Oculios went stiff and formal. The lines around his eyes and mouth became rounded, like ripples spreading from a pebble dropped into a still pool.
"In our land, as in yours, much information was lost and damaged during the Burning Death. Where New Kelvin differs from Hawk Haven is that we have regathered much of that knowledge and have it available for our use."
Elise schooled her expression into something wide-eyed, awed, and maybe just a bit scared. Oculios relaxed slightly, apparently pleased by her respect.

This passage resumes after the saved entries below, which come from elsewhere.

lemma is_seq_insert:
  assumes "is_seq n d r b y xs" "i \<in> Dset n d y" "i \<notin> b" "finite b"
  shows "\<exists>xs'. is_seq n d r (insert i b) y xs' \<and> seq_len r (insert i b) xs' = seq_len r b xs"
proof -
  let ?s = "card b"
  from assms(1) obtain f where x0: "xs 0 = 0" and xe: "xs (?s + 1) = y"
    and xr: "\<And>t. t \<le> ?s + 1 \<Longrightarrow> xs t < r"
    and bij: "bij_betw f {1..?s} b" and fD: "\<And>t. t \<in> {1..?s} \<Longrightarrow> f t \<in> Dset n d (xs t)"
    using is_seqE by blast
  have card: "card (insert i b) = ?s + 1" using assms(3,4) by simp
  define xs' where "xs' = xs(?s + 2 := y)"
  define f' where "f' = f(?s + 1 := i)"
  have "bij_betw f' ({1..?s} \<union> {?s + 1}) (b \<union> {f' (?s + 1)})"
  proof (rule notIn_Un_bij_betw)
    show "bij_betw f' {1..?s} b"
      using bij by (rule bij_betw_cong[THEN iffD1, rotated]) (simp add: f'_def)
  qed (use assms(3) in \<open>auto simp: f'_def\<close>)
  moreover have "{1..?s} \<union> {?s + 1} = {1..card (insert i b)}" "b \<union> {f' (?s + 1)} = insert i b"
    using card by (auto simp: f'_def)
  ultimately have "bij_betw f' {1..card (insert i b)} (insert i b)" by simp
  moreover have "f' t \<in> Dset n d (xs' t)" if "t \<in> {1..card (insert i b)}" for t
    using that assms(2) xe fD card by (cases "t = ?s + 1") (auto simp: f'_def xs'_def)
  moreover have "xs' t < r" if "t \<le> card (insert i b) + 1" for t
    using that xr[of t] xr[of "?s + 1"] xe card by (auto simp: xs'_def)
  ultimately have "is_seq n d r (insert i b) y xs'"
    using x0 card by (intro is_seqI) (auto simp: xs'_def)
  moreover have "(\<Sum>t = 1..?s + 1. cdist r (xs' t) (xs' (t - 1))) = (\<Sum>t = 1..?s + 1. cdist r (xs t) (xs (t - 1)))"
    by (rule sum.cong) (auto simp: xs'_def)
  ultimately show ?thesis
    using xe card by (intro exI[of _ xs']) (simp add: seq_len_Suc[of r "insert i b"] seq_len_def xs'_def)
qed

definition skip_index :: "nat \<Rightarrow> nat \<Rightarrow> nat" where
  "skip_index k t = (if t < k then t else Suc t)"

lemma bij_betw_skip_index:
  assumes "1 \<le> k" "k \<le> Suc m"
  shows "bij_betw (skip_index k) {1..m} ({1..Suc m} - {k})"
proof (rule bij_betw_imageI)
  show "inj_on (skip_index k) {1..m}"
    by (auto simp: inj_on_def skip_index_def split: if_splits)
  have "u \<in> skip_index k ` {1..m}" if "u \<in> {1..Suc m} - {k}" for u
  proof (cases "u < k")
    case True
    with that assms show ?thesis by (intro image_eqI[of _ _ u]) (auto simp: skip_index_def)
  next
    case False
    with that assms show ?thesis by (intro image_eqI[of _ _ "u - 1"]) (auto simp: skip_index_def)
  qed
  moreover have "skip_index k ` {1..m} \<subseteq> {1..Suc m} - {k}"
    using assms by (auto simp: skip_index_def)
  ultimately show "skip_index k ` {1..m} = {1..Suc m} - {k}" by blast
qed

lemma sum_cdist_skip_index_le:
  assumes "1 \<le> k" "k \<le> m" "\<And>t. t \<le> Suc m \<Longrightarrow> F t < r"
  shows "(\<Sum>t = 1..m. cdist r (F (skip_index k t)) (F (skip_index k (t - 1))))
    \<le> (\<Sum>t = 1..Suc m. cdist r (F t) (F (t - 1)))"
  using assms(2,3)
proof (induction m rule: dec_induct)
  case base
  obtain k' where k: "k = Suc k'" using assms(1) by (cases k) auto
  have "(\<Sum>t = 1..k'. cdist r (F (skip_index k t)) (F (skip_index k (t - 1))))
      = (\<Sum>t = 1..k'. cdist r (F t) (F (t - 1)))"
    by (rule sum.cong) (auto simp: k skip_index_def)
  moreover have "cdist r (F (Suc k)) (F k') \<le> cdist r (F (Suc k)) (F k) + cdist r (F k) (F k')"
    using base.prems k by (intro cdist_triangle) auto
  ultimately show ?case by (simp add: k skip_index_def)
next
  case (step m)
  have "(\<Sum>t = 1..m. cdist r (F (skip_index k t)) (F (skip_index k (t - 1))))
      \<le> (\<Sum>t = 1..Suc m. cdist r (F t) (F (t - 1)))"
    using step.prems by (intro step.IH) simp
  moreover have "skip_index k (Suc m) = Suc (Suc m)" "skip_index k m = Suc m"
    using step.hyps by (simp_all add: skip_index_def)
  ultimately show ?case by simp
qed

lemma is_seq_remove:
  assumes "is_seq n d r b y xs" "i \<in> b" "finite b"
  shows "\<exists>xs'. is_seq n d r (b - {i}) y xs' \<and> seq_len r (b - {i}) xs' \<le> seq_len r b xs"
proof -
  let ?s = "card b"
  from assms(1) obtain f where x0: "xs 0 = 0" and xe: "xs (?s + 1) = y"
    and xr: "\<And>t. t \<le> ?s + 1 \<Longrightarrow> xs t < r"
    and bij: "bij_betw f {1..?s} b" and fD: "\<And>t. t \<in> {1..?s} \<Longrightarrow> f t \<in> Dset n d (xs t)"
    using is_seqE by blast
  obtain m where card: "?s = Suc m" using assms(2,3) by (cases ?s) auto
  then have card_remove: "card (b - {i}) = m" using assms(2,3) by simp
  from assms(2) bij have "i \<in> f ` {1..?s}" by (simp add: bij_betw_def)
  then obtain k where k: "k \<in> {1..?s}" "f k = i" by blast
  have "bij_betw f ({1..?s} - {k}) (b - {i})"
    using bij k assms(2) by (intro bij_betw_DiffI) auto
  with bij_betw_skip_index[of k m] k card
  have bij': "bij_betw (f \<circ> skip_index k) {1..m} (b - {i})"
    by (auto intro: bij_betw_trans)
  define xs' where "xs' = xs \<circ> skip_index k"
  have "is_seq n d r (b - {i}) y xs'"
  proof (rule is_seqI[OF _ _ _ bij'[folded card_remove]])
    show "xs' 0 = 0" "xs' (card (b - {i}) + 1) = y"
      using x0 xe k card card_remove by (auto simp: xs'_def skip_index_def)
    show "xs' t < r" if "t \<le> card (b - {i}) + 1" for t
      using that xr card card_remove by (auto simp: xs'_def skip_index_def)
    show "(f \<circ> skip_index k) t \<in> Dset n d (xs' t)" if "t \<in> {1..card (b - {i})}" for t
      using that fD bij_betw_apply[OF bij_betw_skip_index[of k m]] k card card_remove
      by (auto simp: xs'_def)
  qed
  moreover have "seq_len r (b - {i}) xs' \<le> seq_len r b xs"
    using sum_cdist_skip_index_le[of k "Suc m" xs r] k card card_remove xr
    by (simp add: seq_len_def xs'_def)
  ultimately show ?thesis by blast
qed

"Additionally, it is from the sodalities that the Primes are elected—and from the Primes that the Dragon Speaker is elected."
Elise nodded, on firm ground again. She had studied this peculiar system of government with interest. The Dragon Speaker seemed to be the
real
king of New Kelvin, but the Speaker ruled at the whim of these Primes. She had thought that the Primes were nobles, but apparently they were more like master crafters who might or might not also dabble in magic.
"One moment," she said, wanting time to adapt her own mental map. "Let me translate."
"So," Sir Jared commented when she had finished. "Oculios is not here as a competing healer, but as a representative of their ruling class."
"Do you want me to translate that?"
"Might as well."
She did. Oculios stretched his lips into one of his formal smiles.
"That is true to a point. My sodality is greatly interested in your use of magic to assist in healing. The form is different than our own, but still it falls in our purview. We would like to study Sir Jared at work."